Call your healthcare provider right away if you have any of the following:

  • Cold sweat or chills

  • Chest pain or trouble breathing

  • Sore throat

  • Cough

  • Extreme tiredness or fatigue

  • Nausea and vomiting

  • Redness, warmth, or drainage from any open cuts or wounds

  • Pain or burning with urination; frequent urination

  • Pain, burning, or bleeding in the rectum

  • Severe constipation or diarrhea

  • Bloody stool or urine 

Call 911

Fever of 100.4°F (38°C) or higher. Call 911 or go to the emergency room. This is especially important if you have severe neutropenia. This puts you at higher risk for a life-threatening infection.
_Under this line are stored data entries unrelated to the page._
(* There is no unitary $U$ on two qubits $A\otimes B$ such that for every pure qubit state $|\psi\rangle$, both one-qubit reduced states $\rho_A=\mathrm{Tr}_B\big(U(|\psi\rangle\langle\psi|\otimes|0\rangle\langle0|)U^\dagger\big)$ and $\rho_B=\mathrm{Tr}_A\big(U(|\psi\rangle\langle\psi|\otimes|0\rangle\langle0|)U^\dagger\big)$ satisfy $C_l(\rho_A)=C_l(\rho_B)=C_l(|\psi\rangle)$. (That is, without a machine/ancilla system, no unitary acting on input and blank state clones the coherence of all pure states; in particular no such unitary starting from two orthogonal states $|\psi_1\rangle,|\psi_2\rangle$ via $U|\psi_i\rangle|0\rangle=|\Psi_i\rangle$ extends to clone the coherence of every $\alpha|\psi_1\rangle+\beta|\psi_2\rangle$.)
   Context: For a qubit density matrix $\rho$, the $l_1$-norm of coherence in the computational basis is $C_l(\rho)=\sum_{i\neq j}|\langle i|\rho|j\rangle|$; for a pure state $C_l(|\phi\rangle)=C_l(|\phi\rangle\langle\phi|)$. *)

theory Defs
  imports "HOL-Analysis.Analysis"
begin

text \<open>Two qubits A (x) B: index type 2 \<times> 2,
 where the pair (i,j) stands for the basis vector |i>_A |j>_B.\<close>

type_synonym qubit = "complex ^ 2"
type_synonym qmat = "complex ^ 2 ^ 2"
type_synonym qubits2 = "complex ^ (2 \<times> 2)"
type_synonym qmat2 = "complex ^ (2 \<times> 2) ^ (2 \<times> 2)"

definition adjoint_mat :: "complex ^ 'n ^ 'n \<Rightarrow> complex ^ 'n ^ 'n" where
  "adjoint_mat U = (\<chi> i j. cnj (U $ j $ i))"

definition unitary_mat :: "complex ^ 'n ^ 'n \<Rightarrow> bool" where
  "unitary_mat U \<longleftrightarrow> adjoint_mat U ** U = mat 1 \<and> U ** adjoint_mat U = mat 1"

definition pure_state :: "complex ^ 'n \<Rightarrow> bool" where
  "pure_state \<psi> \<longleftrightarrow> norm \<psi> = 1"

definition proj :: "complex ^ 'n \<Rightarrow> complex ^ 'n ^ 'n" where
  "proj \<phi> = (\<chi> i j. \<phi> $ i * cnj (\<phi> $ j))"

definition tensor_vec :: "qubit \<Rightarrow> qubit \<Rightarrow> qubits2" where
  "tensor_vec \<psi> \<phi> = (\<chi> p. \<psi> $ fst p * \<phi> $ snd p)"

definition ket0 :: qubit where
  "ket0 = (\<chi> i. if i = 0 then 1 else 0)"

definition ptrace_B :: "qmat2 \<Rightarrow> qmat" where
  "ptrace_B \<rho> = (\<chi> i k. \<Sum>j\<in>UNIV. \<rho> $ (i, j) $ (k, j))"

definition ptrace_A :: "qmat2 \<Rightarrow> qmat" where
  "ptrace_A \<rho> = (\<chi> j l. \<Sum>i\<in>UNIV. \<rho> $ (i, j) $ (i, l))"

definition l1_coherence :: "complex ^ 'n ^ 'n \<Rightarrow> real" where
  "l1_coherence \<rho> = (\<Sum>(i, j) \<in> {(i, j). i \<noteq> j}. norm (\<rho> $ i $ j))"

definition l1_coherence_pure :: "complex ^ 'n \<Rightarrow> real" where
  "l1_coherence_pure \<phi> = l1_coherence (proj \<phi>)"

end

theory Submission
  imports Defs
begin

text \<open>On input \<open>a|0\<rangle> + b|1\<rangle>\<close> the cloner outputs \<open>a u + b w\<close>, where \<open>u, w\<close> are the unit
  vectors \<open>U|00\<rangle>, U|10\<rangle>\<close>. The coherence of \<open>\<rho>\<^sub>A\<close> is twice the modulus of a sesquilinear form
  evaluated on \<open>a u + b w\<close>; demanding that it equal \<open>2|a||b|\<close> for all unit \<open>(a, b)\<close> kills
  the diagonal terms and forces the two cross terms to satisfy \<open>|r|\<^sup>2 + |s|\<^sup>2 = 1\<close>. Cauchy-Schwarz
  bounds the cross terms by the weights of \<open>u, w\<close> on the two values of qubit A, and equality is
  only possible if \<open>u\<close> and \<open>w\<close> live on opposite values of A. The same argument for \<open>\<rho>\<^sub>B\<close>
  puts them on opposite values of B, so \<open>u, w\<close> are supported on opposite corners of the
  computational basis; but then both cross terms vanish.\<close>

lemma UNIV_2_eq: "(UNIV :: 2 set) = {0, 1}"
proof -
  have "(2 :: 2) = 0"
    by simp
  then show ?thesis
    using UNIV_2 by (metis insert_commute)
qed

lemma sum_UNIV_2: "sum f (UNIV :: 2 set) = f 0 + f 1"
  by (simp add: UNIV_2_eq)

lemma UNIV_2x2_eq: "(UNIV :: (2 \<times> 2) set) = {(0, 0), (0, 1), (1, 0), (1, 1)}"
  using UNIV_2_eq by auto

lemma sum_UNIV_2x2: "sum f (UNIV :: (2 \<times> 2) set) = f (0, 0) + f (0, 1) + f (1, 0) + f (1, 1)"
  by (simp add: UNIV_2x2_eq add.assoc)

lemma offdiagonal_2: "{(i, j). i \<noteq> j} = {(0 :: 2, 1 :: 2), (1, 0)}"
  using UNIV_2_eq by (auto, metis UNIV_I empty_iff insert_iff)

lemma l1_coherence_2: "l1_coherence (M :: qmat) = cmod (M $ 0 $ 1) + cmod (M $ 1 $ 0)"
  unfolding l1_coherence_def offdiagonal_2 by simp

lemma l1_coherence_pure_2: "l1_coherence_pure (\<psi> :: qubit) = 2 * cmod (\<psi> $ 0) * cmod (\<psi> $ 1)"
  unfolding l1_coherence_pure_def l1_coherence_2 by (simp add: proj_def norm_mult)

lemma power2_norm_vec: "(norm (x :: complex ^ 'n))\<^sup>2 = (\<Sum>i\<in>UNIV. (cmod (x $ i))\<^sup>2)"
  by (simp add: norm_vec_def L2_set_def sum_nonneg)

lemma proj_matrix_adjoint: "U ** proj \<phi> ** adjoint_mat U = proj (U *v \<phi>)"
  by (simp add: vec_eq_iff matrix_matrix_mult_def proj_def adjoint_mat_def
      matrix_vector_mult_def sum_distrib_left sum_distrib_right mult_ac)

lemma unitary_mat_column_norm:
  assumes "unitary_mat U"
  shows "norm (column j U) = 1"
proof -
  have "complex_of_real ((norm (column j U))\<^sup>2) = (adjoint_mat U ** U) $ j $ j"
    by (simp add: power2_norm_vec column_def matrix_matrix_mult_def adjoint_mat_def
        complex_norm_square mult.commute del: of_real_power)
  also have "\<dots> = 1"
    using assms by (simp add: unitary_mat_def mat_def)
  finally have "(norm (column j U))\<^sup>2 = 1"
    by (simp del: of_real_power)
  then show ?thesis
    using norm_ge_zero[of "column j U"] by (auto simp: power2_eq_1_iff)
qed

lemma matrix_vector_tensor_ket0:
  "U *v tensor_vec \<psi> ket0 = \<psi> $ 0 *s column (0, 0) U + \<psi> $ 1 *s column (1, 0) U"
  by (simp add: vec_eq_iff matrix_vector_mult_def column_def tensor_vec_def ket0_def
      sum_UNIV_2x2 mult_ac)

lemma cmod_sum_mult_cnj_le:
  "(cmod (\<Sum>i\<in>I. f i * cnj (g i)))\<^sup>2 \<le> (\<Sum>i\<in>I. (cmod (f i))\<^sup>2) * (\<Sum>i\<in>I. (cmod (g i))\<^sup>2)"
proof -
  have "cmod (\<Sum>i\<in>I. f i * cnj (g i)) \<le> (\<Sum>i\<in>I. cmod (f i) * cmod (g i))"
    by (metis (no_types, lifting) complex_mod_cnj norm_mult norm_sum sum.cong)
  then have "(cmod (\<Sum>i\<in>I. f i * cnj (g i)))\<^sup>2 \<le> (\<Sum>i\<in>I. cmod (f i) * cmod (g i))\<^sup>2"
    by (simp add: power_mono)
  also have "\<dots> \<le> (\<Sum>i\<in>I. (cmod (f i))\<^sup>2) * (\<Sum>i\<in>I. (cmod (g i))\<^sup>2)"
    by (rule Cauchy_Schwarz_ineq_sum)
  finally show ?thesis .
qed

lemma parallelogram_cmod: "(cmod (x + y))\<^sup>2 + (cmod (x - y))\<^sup>2 = 2 * ((cmod x)\<^sup>2 + (cmod y)\<^sup>2)"
  by (simp only: cmod_power2) (simp add: power2_eq_square algebra_simps)

text \<open>The test vectors \<open>(3/5, 4/5)\<close> and \<open>(3/5, 4\<i>/5)\<close> give \<open>|r + s| = |r - s| = 1\<close>.\<close>

lemma sesquilinear_cross_terms:
  fixes p q r s :: complex
  assumes coh: "\<And>a b. (cmod a)\<^sup>2 + (cmod b)\<^sup>2 = 1 \<Longrightarrow>
      cmod (a * cnj a * p + b * cnj b * q + a * cnj b * r + b * cnj a * s) = cmod a * cmod b"
  shows "p = 0" and "q = 0" and "(cmod r)\<^sup>2 + (cmod s)\<^sup>2 = 1"
proof -
  show p: "p = 0"
    using coh[of 1 0] by simp
  show q: "q = 0"
    using coh[of 0 1] by simp
  have real_mix: "3/5 * cnj (3/5) * p + 4/5 * cnj (4/5) * q + 3/5 * cnj (4/5) * r + 4/5 * cnj (3/5) * s
      = 12/25 * (r + s)"
    by (simp add: p q algebra_simps)
  have "(cmod (3/5 :: complex))\<^sup>2 + (cmod (4/5 :: complex))\<^sup>2 = 1"
    by (simp add: power2_eq_square)
  from coh[OF this, unfolded real_mix] have "cmod (r + s) = 1"
    by (simp only: norm_mult) simp
  moreover have imaginary_mix:
    "3/5 * cnj (3/5) * p + 4/5 * \<i> * cnj (4/5 * \<i>) * q + 3/5 * cnj (4/5 * \<i>) * r + 4/5 * \<i> * cnj (3/5) * s
      = 12/25 * \<i> * (s - r)"
    by (simp add: p q algebra_simps)
  have "(cmod (3/5 :: complex))\<^sup>2 + (cmod (4/5 * \<i>))\<^sup>2 = 1"
    by (simp add: power2_eq_square norm_mult)
  from coh[OF this, unfolded imaginary_mix] have "cmod (r - s) = 1"
    by (simp only: norm_mult norm_minus_commute) simp
  ultimately show "(cmod r)\<^sup>2 + (cmod s)\<^sup>2 = 1"
    using parallelogram_cmod[of r s] by simp
qed

lemma complementary_weights_extremal:
  fixes A D :: real
  assumes "0 \<le> A" "A \<le> 1" "0 \<le> D" "D \<le> 1" "1 \<le> A * D + (1 - A) * (1 - D)"
  shows "A = D \<and> (A = 0 \<or> A = 1)"
proof -
  have "A * (1 - D) + D * (1 - A) \<le> 0"
    using assms(5) by (simp add: algebra_simps)
  moreover have "0 \<le> A * (1 - D)" "0 \<le> D * (1 - A)"
    using assms(1-4) by simp_all
  ultimately have "A * (1 - D) = 0" "D * (1 - A) = 0"
    by linarith+
  then show ?thesis
    by auto
qed

text \<open>With \<open>x\<^sub>i\<close> the state of B in the component of \<open>x\<close> where A is \<open>|i\<rangle>\<close>, \<open>slice_inner x y\<close>
  is \<open>\<langle>y\<^sub>1|x\<^sub>0\<rangle>\<close> and \<open>slice_norm i x\<close> is \<open>\<parallel>x\<^sub>i\<parallel>\<^sup>2\<close>.\<close>

definition slice_inner :: "qubits2 \<Rightarrow> qubits2 \<Rightarrow> complex" where
  "slice_inner x y = (\<Sum>j\<in>UNIV. x $ (0, j) * cnj (y $ (1, j)))"

definition slice_norm :: "2 \<Rightarrow> qubits2 \<Rightarrow> real" where
  "slice_norm i x = (\<Sum>j\<in>UNIV. (cmod (x $ (i, j)))\<^sup>2)"

definition swap_qubits :: "qubits2 \<Rightarrow> qubits2" where
  "swap_qubits x = (\<chi> p. x $ (snd p, fst p))"

lemma l1_coherence_ptrace_B_proj: "l1_coherence (ptrace_B (proj x)) = 2 * cmod (slice_inner x x)"
proof -
  have "ptrace_B (proj x) $ 0 $ 1 = slice_inner x x"
    and "ptrace_B (proj x) $ 1 $ 0 = cnj (slice_inner x x)"
    by (simp_all add: ptrace_B_def proj_def slice_inner_def mult.commute)
  then show ?thesis
    unfolding l1_coherence_2 by simp
qed

lemma ptrace_A_proj_swap: "ptrace_A (proj x) = ptrace_B (proj (swap_qubits x))"
  by (simp add: vec_eq_iff ptrace_A_def ptrace_B_def proj_def swap_qubits_def)

lemma swap_qubits_combination: "swap_qubits (a *s u + b *s w) = a *s swap_qubits u + b *s swap_qubits w"
  by (simp add: vec_eq_iff swap_qubits_def)

lemma norm_swap_qubits: "norm (swap_qubits x) = norm x"
  by (simp add: norm_vec_def L2_set_def sum_UNIV_2x2 swap_qubits_def add_ac)

lemma slice_inner_combination:
  "slice_inner (a *s u + b *s w) (a *s u + b *s w) =
     a * cnj a * slice_inner u u + b * cnj b * slice_inner w w +
     a * cnj b * slice_inner u w + b * cnj a * slice_inner w u"
  by (simp add: slice_inner_def sum_UNIV_2 algebra_simps)

lemma slice_inner_Cauchy_Schwarz: "(cmod (slice_inner x y))\<^sup>2 \<le> slice_norm 0 x * slice_norm 1 y"
  unfolding slice_inner_def slice_norm_def by (rule cmod_sum_mult_cnj_le)

lemma slice_norm_nonneg: "0 \<le> slice_norm i x"
  by (simp add: slice_norm_def sum_nonneg)

lemma slice_norm_eq_0_iff: "slice_norm i x = 0 \<longleftrightarrow> (\<forall>j. x $ (i, j) = 0)"
  by (simp add: slice_norm_def sum_nonneg_eq_0_iff)

lemma slice_norms_sum: "slice_norm 0 x + slice_norm 1 x = (norm x)\<^sup>2"
  by (simp add: power2_norm_vec slice_norm_def sum_UNIV_2 sum_UNIV_2x2 add_ac)

definition opposite_slices :: "qubits2 \<Rightarrow> qubits2 \<Rightarrow> bool" where
  "opposite_slices u w \<longleftrightarrow>
     slice_norm 1 u = 0 \<and> slice_norm 0 w = 0 \<or> slice_norm 0 u = 0 \<and> slice_norm 1 w = 0"

lemma opposite_slices_commute: "opposite_slices u w \<longleftrightarrow> opposite_slices w u"
  unfolding opposite_slices_def by blast

lemma slice_coherence_separates:
  assumes "norm u = 1" and "norm w = 1"
    and coh: "\<And>a b. (cmod a)\<^sup>2 + (cmod b)\<^sup>2 = 1 \<Longrightarrow>
      cmod (slice_inner (a *s u + b *s w) (a *s u + b *s w)) = cmod a * cmod b"
  shows "(cmod (slice_inner u w))\<^sup>2 + (cmod (slice_inner w u))\<^sup>2 = 1"
    and "opposite_slices u w"
proof -
  show cross: "(cmod (slice_inner u w))\<^sup>2 + (cmod (slice_inner w u))\<^sup>2 = 1"
    by (rule sesquilinear_cross_terms(3)[OF coh[unfolded slice_inner_combination]])
  have u1: "slice_norm 1 u = 1 - slice_norm 0 u" and w0: "slice_norm 0 w = 1 - slice_norm 1 w"
    using slice_norms_sum[of u] slice_norms_sum[of w] assms(1,2) by simp_all
  have "1 \<le> slice_norm 0 u * slice_norm 1 w + (1 - slice_norm 0 u) * (1 - slice_norm 1 w)"
    using cross slice_inner_Cauchy_Schwarz[of u w] slice_inner_Cauchy_Schwarz[of w u]
    unfolding u1 w0 by (simp add: algebra_simps)
  then have "slice_norm 0 u = slice_norm 1 w \<and> (slice_norm 0 u = 0 \<or> slice_norm 0 u = 1)"
    using slice_norm_nonneg[of 0 u] slice_norm_nonneg[of 1 u] slice_norm_nonneg[of 0 w]
      slice_norm_nonneg[of 1 w] u1 w0
    by (intro complementary_weights_extremal) linarith+
  then show "opposite_slices u w"
    unfolding opposite_slices_def u1 w0 by auto
qed

lemma slice_inner_eq_0_if_opposite_corners:
  assumes "opposite_slices u w" and "opposite_slices (swap_qubits u) (swap_qubits w)"
  shows "slice_inner u w = 0"
  using assms
  by (auto simp: opposite_slices_def slice_norm_eq_0_iff swap_qubits_def slice_inner_def sum_UNIV_2)

theorem theorem2:
  shows "\<not> (\<exists>U :: qmat2. unitary_mat U \<and>
            (\<forall>\<psi> :: qubit. pure_state \<psi> \<longrightarrow>
               (let \<rho> = U ** proj (tensor_vec \<psi> ket0) ** adjoint_mat U
                in l1_coherence (ptrace_B \<rho>) = l1_coherence_pure \<psi> \<and>
                   l1_coherence (ptrace_A \<rho>) = l1_coherence_pure \<psi>)))"
proof
  assume "\<exists>U :: qmat2. unitary_mat U \<and>
            (\<forall>\<psi> :: qubit. pure_state \<psi> \<longrightarrow>
               (let \<rho> = U ** proj (tensor_vec \<psi> ket0) ** adjoint_mat U
                in l1_coherence (ptrace_B \<rho>) = l1_coherence_pure \<psi> \<and>
                   l1_coherence (ptrace_A \<rho>) = l1_coherence_pure \<psi>))"
  then obtain U :: qmat2 where unitary: "unitary_mat U" and clones:
    "\<And>\<psi>. pure_state \<psi> \<Longrightarrow>
       l1_coherence (ptrace_B (proj (U *v tensor_vec \<psi> ket0))) = l1_coherence_pure \<psi> \<and>
       l1_coherence (ptrace_A (proj (U *v tensor_vec \<psi> ket0))) = l1_coherence_pure \<psi>"
    by (auto simp: proj_matrix_adjoint Let_def)
  define u w where "u = column (0, 0) U" and "w = column (1, 0) U"
  have coh: "cmod (slice_inner (a *s u + b *s w) (a *s u + b *s w)) = cmod a * cmod b \<and>
      cmod (slice_inner (a *s swap_qubits u + b *s swap_qubits w)
        (a *s swap_qubits u + b *s swap_qubits w)) = cmod a * cmod b"
    if "(cmod a)\<^sup>2 + (cmod b)\<^sup>2 = 1" for a b
  proof -
    define \<psi> :: qubit where "\<psi> = (\<chi> i. if i = 0 then a else b)"
    have "pure_state \<psi>"
      using that by (simp add: pure_state_def norm_vec_def L2_set_def sum_UNIV_2 \<psi>_def)
    then show ?thesis
      using clones[of \<psi>]
      by (simp add: matrix_vector_tensor_ket0 l1_coherence_ptrace_B_proj ptrace_A_proj_swap
          swap_qubits_combination l1_coherence_pure_2 \<psi>_def u_def w_def)
  qed
  have norms: "norm u = 1" "norm w = 1"
    using unitary_mat_column_norm[OF unitary] by (simp_all add: u_def w_def)
  note rows = slice_coherence_separates[OF norms, OF conjunct1[OF coh]]
  note columns = slice_coherence_separates[of "swap_qubits u" "swap_qubits w",
      unfolded norm_swap_qubits, OF norms, OF conjunct2[OF coh]]
  have "slice_inner u w = 0" and "slice_inner w u = 0"
    using rows(2) columns(2)
    by (auto intro: slice_inner_eq_0_if_opposite_corners simp: opposite_slices_commute)
  with rows(1) show False
    by simp
qed

end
How can I prevent infections?

With neutropenia, take extra care to protect yourself from infection. Talk with your healthcare provider about what steps you need to take. What you do depends on how severe your neutropenia is. The following precautions help prevent infections:

  • Wash your hands often, especially before eating and after using the bathroom. Use clean, running water and soap. Scrub for 20 seconds, or for as long as it takes to sing the Happy Birthday song from beginning to end, twice. Or use a hand gel that contains at least 60% alcohol.

  • Stay away from crowds and close contact with others who may be ill.

  • Cook meat and eggs all the way through to kill any germs.

  • Carefully wash raw fruits and vegetables. Depending on how severe your neutropenia is, you may need to drop fresh fruits and vegetables from your diet.

  • Clean items you use often with disinfectant wipes. This includes phones and computer keyboards.

  • Don't touch your eyes, nose, and mouth, especially if your hands are not clean.

  • Practice good oral hygiene. Use a soft toothbrush. Also, brush and floss your teeth gently.

  • Always wipe from front to back after a bowel movement.

  • Stay up to date on vaccines advised by your healthcare provider.

  • Bathe every day and use an unscented lotion to prevent cracked skin.

  • Keep cuts and scrapes clean and covered until they heal.

  • Don't share items such as drinks, eating utensils, towels, toothbrushes, razors, clothing, and sports equipment.

  • Store and handle foods safely to prevent food-borne illness.

  • Protect yourself against pet waste (urine and stool) by using vinyl gloves when cleaning.

  • Always use gloves when gardening. You may have to avoid having live plants in your home.

  • Ask your healthcare provider if you need to take antibiotics before and after having any dental or medical procedures.

  • Ask your healthcare provider if you need to wear a special mask near construction sites or farm areas.